- Supplied records -

-=-=-

lemma cyl_approx_minus_partial_sum:
  assumes "\<And>n. n < M \<Longrightarrow> length (list_decode n) \<le> L"
  shows "cyl_approx L \<phi> \<omega> - (\<Sum>n<M. nuc_weight n * nuc_coord n \<phi> * nuc_vec n \<omega>)
       = (\<Sum>n\<in>list_encode ` words_upto L - {..<M}. nuc_weight n * nuc_coord n \<phi> * nuc_vec n \<omega>)"
proof -
  define E where "E = list_encode ` words_upto L"
  define t where "t n = nuc_weight n * nuc_coord n \<phi> * nuc_vec n \<omega>" for n
  have "cyl_approx L \<phi> \<omega> = (\<Sum>w\<in>words_upto L. t (list_encode w))"
    unfolding cyl_approx_def t_def by (rule sum.cong) (auto simp: nuc_term_word words_upto_def)
  also have "\<dots> = (\<Sum>n\<in>E. t n)"
    unfolding E_def by (simp add: sum.reindex[OF inj_list_encode])
  also have "\<dots> = (\<Sum>n\<in>E \<inter> {..<M}. t n) + (\<Sum>n\<in>E - {..<M}. t n)"
    by (rule sum.Int_Diff) (simp add: E_def finite_words_upto)
  finally have approx: "cyl_approx L \<phi> \<omega> = (\<Sum>n\<in>E \<inter> {..<M}. t n) + (\<Sum>n\<in>E - {..<M}. t n)" .
  have "(\<Sum>n<M. t n) = (\<Sum>n\<in>{..<M} \<inter> E. t n)"
    using nuc_weight_eq_0 assms unfolding t_def E_def by (intro sum.mono_neutral_right) auto
  with approx show ?thesis unfolding t_def E_def by (simp add: Int_commute)
qed

context
  fixes p :: "((nat \<Rightarrow> nat) \<Rightarrow> complex) \<Rightarrow> real" and K :: real
  assumes p: "seminorm_V N A p" and K: "0 \<le> K"
    and p_le: "\<And>\<phi>. \<phi> \<in> Vspace N A \<Longrightarrow> p \<phi> \<le> K * thetanorm N A \<theta>0 \<phi>"
begin

lemma seminorm_nuc_vec: "p (nuc_vec n) \<le> 2 * K"
  using order_trans[OF p_le[OF nuc_vec_Vspace] mult_left_mono[OF thetanorm_nuc_vec K]]
  by (simp add: mult.commute)

lemma seminorm_nuc_term:
  assumes "\<phi> \<in> Vspace N A"
  shows "p (\<lambda>\<omega>. nuc_weight n * nuc_coord n \<phi> * nuc_vec n \<omega>)
           \<le> cmod (nuc_weight n) * (2 * K * thetanorm N A \<theta>1 \<phi> / \<theta>1)"
proof -
  have lip: "lipschitz_all \<phi>" using assms by (rule Vspace_imp_lipschitz_all)
  have "p (\<lambda>\<omega>. nuc_weight n * nuc_coord n \<phi> * nuc_vec n \<omega>)
      = cmod (nuc_weight n) * (cmod (nuc_coord n \<phi>) * p (nuc_vec n))"
    using seminorm_V_scale[OF p nuc_vec_Vspace, of "nuc_weight n * nuc_coord n \<phi>" n]
    by (simp add: norm_mult)
  also have "\<dots> \<le> cmod (nuc_weight n) * (thetanorm N A \<theta>1 \<phi> / \<theta>1 * (2 * K))"
    using nuc_coord_bound[OF lip] seminorm_nuc_vec seminorm_V_nonneg[OF p nuc_vec_Vspace]
      thetanorm_nonneg[OF lip \<theta>1(1)] \<theta>1(1)
    by (intro mult_left_mono mult_mono) auto
  finally show ?thesis by (simp add: ac_simps)
qed

lemma partial_sum_error:
  assumes \<phi>: "\<phi> \<in> Vspace N A"
  shows "p (\<lambda>\<omega>. \<phi> \<omega> - (\<Sum>n<M. nuc_weight n * nuc_coord n \<phi> * nuc_vec n \<omega>))
           \<le> 2 * K * thetanorm N A \<theta>1 \<phi> / \<theta>1 * weight_tail M"
proof -
  define S where "S = (\<lambda>\<omega>. \<Sum>n<M. nuc_weight n * nuc_coord n \<phi> * nuc_vec n \<omega>)"
  define c where "c = 2 * K * thetanorm N A \<theta>1 \<phi> / \<theta>1"
  define \<Lambda> where "\<Lambda> = lipconst N A \<theta>1 \<phi>"
  define L0 where "L0 = Max (insert 0 (length ` list_decode ` {..<M}))"
  have lip: "lipschitz_all \<phi>" using \<phi> by (rule Vspace_imp_lipschitz_all)
  have c: "0 \<le> c" unfolding c_def using K \<theta>1 thetanorm_nonneg[OF lip \<theta>1(1)] by simp
  have SV: "S \<in> Vspace N A" unfolding S_def by (auto intro!: Vspace_sum Vspace_scale nuc_vec_Vspace)
  have bound: "p (\<lambda>\<omega>. \<phi> \<omega> - S \<omega>) \<le> K * (3 * \<Lambda> * \<rho> ^ L) + c * weight_tail M" if "L0 \<le> L" for L
  proof -
    have len: "length (list_decode n) \<le> L" if "n < M" for n
      using \<open>L0 \<le> L\<close> that unfolding L0_def by (meson Max_ge finite_imageI finite_insert
          finite_lessThan image_eqI insertI2 lessThan_iff order_trans)
    define D where "D = list_encode ` words_upto L - {..<M}"
    have D: "finite D" "D \<inter> {..<M} = {}" unfolding D_def by (auto simp: finite_words_upto)
    have "p (\<lambda>\<omega>. \<phi> \<omega> - cyl_approx L \<phi> \<omega>) \<le> K * thetanorm N A \<theta>0 (\<lambda>\<omega>. \<phi> \<omega> - cyl_approx L \<phi> \<omega>)"
      by (rule p_le[OF Vspace_diff[OF \<phi> cyl_approx_Vspace]])
    also have "\<dots> \<le> K * (3 * \<Lambda> * \<rho> ^ L)"
      using thetanorm_cyl_approx_error[OF lip \<theta>1(1) \<theta>0 \<theta>1(2), of L] K
      unfolding \<Lambda>_def \<theta>1(3) by (rule mult_left_mono)
    finally have approx: "p (\<lambda>\<omega>. \<phi> \<omega> - cyl_approx L \<phi> \<omega>) \<le> K * (3 * \<Lambda> * \<rho> ^ L)" .
    have "p (\<lambda>\<omega>. cyl_approx L \<phi> \<omega> - S \<omega>)
        = p (\<lambda>\<omega>. \<Sum>n\<in>D. nuc_weight n * nuc_coord n \<phi> * nuc_vec n \<omega>)"
      using cyl_approx_minus_partial_sum[OF len] by (simp add: S_def D_def)
    also have "\<dots> \<le> (\<Sum>n\<in>D. p (\<lambda>\<omega>. nuc_weight n * nuc_coord n \<phi> * nuc_vec n \<omega>))"
      by (rule seminorm_V_sum[OF p D(1)]) (intro Vspace_scale nuc_vec_Vspace)
    also have "\<dots> \<le> (\<Sum>n\<in>D. cmod (nuc_weight n)) * c"
      unfolding c_def sum_distrib_right by (intro sum_mono seminorm_nuc_term \<phi>)
    also have "\<dots> \<le> weight_tail M * c"
      by (intro mult_right_mono sum_nuc_weight_le_tail D c)
    finally have "p (\<lambda>\<omega>. cyl_approx L \<phi> \<omega> - S \<omega>) \<le> c * weight_tail M" by (simp add: mult.commute)
    moreover have "p (\<lambda>\<omega>. \<phi> \<omega> - S \<omega>)
        \<le> p (\<lambda>\<omega>. \<phi> \<omega> - cyl_approx L \<phi> \<omega>) + p (\<lambda>\<omega>. cyl_approx L \<phi> \<omega> - S \<omega>)"
      by (rule seminorm_V_diff_triangle[OF p \<phi> cyl_approx_Vspace SV])
    ultimately show ?thesis using approx by linarith
  qed
  have "(\<lambda>L. K * (3 * \<Lambda> * \<rho> ^ L) + c * weight_tail M) \<longlonglongrightarrow> K * (3 * \<Lambda> * 0) + c * weight_tail M"
    using \<rho> by (intro tendsto_intros LIMSEQ_power_zero) auto
  then have "p (\<lambda>\<omega>. \<phi> \<omega> - S \<omega>) \<le> K * (3 * \<Lambda> * 0) + c * weight_tail M"
    by (rule LIMSEQ_le_const) (use bound in blast)
  then show ?thesis unfolding S_def c_def by simp
qed
(* Every $\epsilon_5$-segment bipath $P$ from $u$ to $v$ in $G$ is an $\epsilon_5$-bipath.
   Context: $G=(V,E)$ is an undirected graph with $n\ge3$ vertices and real edge weights in $[1,W]$; shortest paths in every subgraph are assumed unique, $\pi_{G'}(x,y)$ is the shortest $x$-$y$ path in $G'$, $\circ$ is path concatenation, $|P|$ weighted length, $P[a,b]$ subpath. Let $k=\ln n$, $\epsilon>0$, $\epsilon_1=\epsilon/(2+\epsilon)$, $\epsilon_5=\epsilon_1/(4k-2)$. Let $V=U_1,\dots,U_p$ be subsets of $V$; the level $l(v)$ is the largest $l$ with $v\in U_l$, and $G_i$ is the subgraph induced by vertices of level $\le i$. $\epsilon_5$-segments: for $P=(u=v_0,\dots,v_\ell=v)$ and $1\le i,j<\ell$, $v_i,v_j$ are in the same segment if either both $|P[u,v_i]|,|P[u,v_j]|\le|P|/2$ and $\lfloor\log_{1+\epsilon_5}|P[u,v_i]|\rfloor=\lfloor\log_{1+\epsilon_5}|P[u,v_j]|\rfloor$, or both $|P[v_i,v]|,|P[v_j,v]|<|P|/2$ and $\lfloor\log_{1+\epsilon_5}|P[v_i,v]|\rfloor=\lfloor\log_{1+\epsilon_5}|P[v_j,v]|\rfloor$; classes are contiguous, $u,v$ in no segment. $P$ is an $\epsilon_5$-segment bipath if every segment $P[x,y]$ equals $\pi_{G_i}(x,z)\circ\pi_{G_j}(z,y)$ for some levels $1\le i,j\le p$ and some $z\in P[x,y]$. Let $B=\lceil\log_{1+\epsilon_5}(nW)\rceil$. $P$ is an $\epsilon_5$-bipath if it is a concatenation $e_0,P_0,e_1,\dots,P_{2B+1},e_{2B+2}$ with each $e_i$ empty or an edge, each $P_k=P[u_k,v_k]$ either empty or of the form $\pi_{G_i}(u_k,z)\circ\pi_{G_j}(z,v_k)$ for some $z\in P_k$ and levels $1\le i,j\le p$, and $|P[u,v_k]|\le(1+\epsilon_5)^k$ if $k<B+1$, $|P[u_k,v]|\le(1+\epsilon_5)^{2B+1-k}$ if $k\ge B+1$ (for nonempty $P_k$). *)

theory Defs
  imports "HOL-Analysis.Analysis"
begin

definition is_path :: "'a set \<Rightarrow> ('a \<times> 'a) set \<Rightarrow> 'a list \<Rightarrow> bool" where
  "is_path S F P \<longleftrightarrow> P \<noteq> [] \<and> distinct P \<and> set P \<subseteq> S \<and>
     (\<forall>i. Suc i < length P \<longrightarrow> (P ! i, P ! Suc i) \<in> F)"

definition wlen :: "('a \<Rightarrow> 'a \<Rightarrow> real) \<Rightarrow> 'a list \<Rightarrow> real" where
  "wlen w P = (\<Sum>i<length P - 1. w (P ! i) (P ! Suc i))"

definition is_shortest ::
  "'a set \<Rightarrow> ('a \<times> 'a) set \<Rightarrow> ('a \<Rightarrow> 'a \<Rightarrow> real) \<Rightarrow> 'a \<Rightarrow> 'a \<Rightarrow> 'a list \<Rightarrow> bool" where
  "is_shortest S F w x y P \<longleftrightarrow> is_path S F P \<and> hd P = x \<and> last P = y \<and>
     (\<forall>Q. is_path S F Q \<and> hd Q = x \<and> last Q = y \<longrightarrow> wlen w P \<le> wlen w Q)"

text \<open>The (assumed unique) shortest x-y path in the subgraph (S,F).\<close>
definition spath ::
  "'a set \<Rightarrow> ('a \<times> 'a) set \<Rightarrow> ('a \<Rightarrow> 'a \<Rightarrow> real) \<Rightarrow> 'a \<Rightarrow> 'a \<Rightarrow> 'a list" where
  "spath S F w x y = (THE P. is_shortest S F w x y P)"

text \<open>Path concatenation (the empty list is the empty path).\<close>
fun pcat :: "'a list \<Rightarrow> 'a list \<Rightarrow> 'a list" where
  "pcat [] q = q"
| "pcat p [] = p"
| "pcat p q = p @ tl q"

-=-=-

- Work to complete -
What you return must be an exact retyping of the lines above starting at the line with "(\<Sum>n\<in>D. cmod (nuc_weight" and ending at the line with "by (intro mult_right_mono", and nothing besides.

- Output for this task -
    also have "\<dots> \<le> (\<Sum>n\<in>D. cmod (nuc_weight n)) * c"
      unfolding c_def sum_distrib_right by (intro sum_mono seminorm_nuc_term \<phi>)
    also have "\<dots> \<le> weight_tail M * c"
      by (intro mult_right_mono sum_nuc_weight_le_tail D c)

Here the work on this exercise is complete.